* WHAT IS BEING ASKED
Copy the records that follow exactly, leaving nothing out.

•••••

definition extend_coloring :: "'a set \<Rightarrow> 'a set \<Rightarrow> nat \<Rightarrow> ('a \<Rightarrow> nat) \<Rightarrow> 'a \<Rightarrow> nat" where
  "extend_coloring B T q h = (\<lambda>w\<in>B. if w \<in> T then q else h w)"

lemma extend_coloring_in_colorings_with_fiber_sizes:
  assumes T: "T \<subseteq> B" "card T = a (Suc p)" and h: "h \<in> colorings_with_fiber_sizes (B - T) p a"
  shows "extend_coloring B T (Suc p) h \<in> colorings_with_fiber_sizes B (Suc p) a"
proof -
  let ?g = "extend_coloring B T (Suc p) h"
  have bounds: "1 \<le> h w \<and> h w \<le> p" if "w \<in> B - T" for w
    using h that by (auto simp: colorings_with_fiber_sizes_def)
  have g: "?g \<in> B \<rightarrow>\<^sub>E {1..Suc p}"
    using bounds by (auto simp: extend_coloring_def restrict_PiE_iff) (meson DiffI le_SucI)
  have fiber_top: "{w \<in> B. ?g w = Suc p} = T"
    using T bounds by (auto simp: extend_coloring_def) (metis DiffI Suc_n_not_le_n)+
  have "card {w \<in> B. ?g w = s} = a s" if s: "s \<in> {1..Suc p}" for s
  proof (cases "s = Suc p")
    case False
    then have "s \<in> {1..p}" and "{w \<in> B. ?g w = s} = {w \<in> B - T. h w = s}"
      using s by (auto simp: extend_coloring_def)
    then show ?thesis
      using h by (simp add: colorings_with_fiber_sizes_def)
  qed (use fiber_top T in simp)
  then show ?thesis
    using g by (simp add: colorings_with_fiber_sizes_def)
qed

•••••

* RESULT
definition extend_coloring :: "'a set \<Rightarrow> 'a set \<Rightarrow> nat \<Rightarrow> ('a \<Rightarrow> nat) \<Rightarrow> 'a \<Rightarrow> nat" where
  "extend_coloring B T q h = (\<lambda>w\<in>B. if w \<in> T then q else h w)"

lemma extend_coloring_in_colorings_with_fiber_sizes:
  assumes T: "T \<subseteq> B" "card T = a (Suc p)" and h: "h \<in> colorings_with_fiber_sizes (B - T) p a"
  shows "extend_coloring B T (Suc p) h \<in> colorings_with_fiber_sizes B (Suc p) a"
proof -
  let ?g = "extend_coloring B T (Suc p) h"
  have bounds: "1 \<le> h w \<and> h w \<le> p" if "w \<in> B - T" for w
    using h that by (auto simp: colorings_with_fiber_sizes_def)
  have g: "?g \<in> B \<rightarrow>\<^sub>E {1..Suc p}"
    using bounds by (auto simp: extend_coloring_def restrict_PiE_iff) (meson DiffI le_SucI)
  have fiber_top: "{w \<in> B. ?g w = Suc p} = T"
    using T bounds by (auto simp: extend_coloring_def) (metis DiffI Suc_n_not_le_n)+
  have "card {w \<in> B. ?g w = s} = a s" if s: "s \<in> {1..Suc p}" for s
  proof (cases "s = Suc p")
    case False
    then have "s \<in> {1..p}" and "{w \<in> B. ?g w = s} = {w \<in> B - T. h w = s}"
      using s by (auto simp: extend_coloring_def)
    then show ?thesis
      using h by (simp add: colorings_with_fiber_sizes_def)
  qed (use fiber_top T in simp)
  then show ?thesis
    using g by (simp add: colorings_with_fiber_sizes_def)
qed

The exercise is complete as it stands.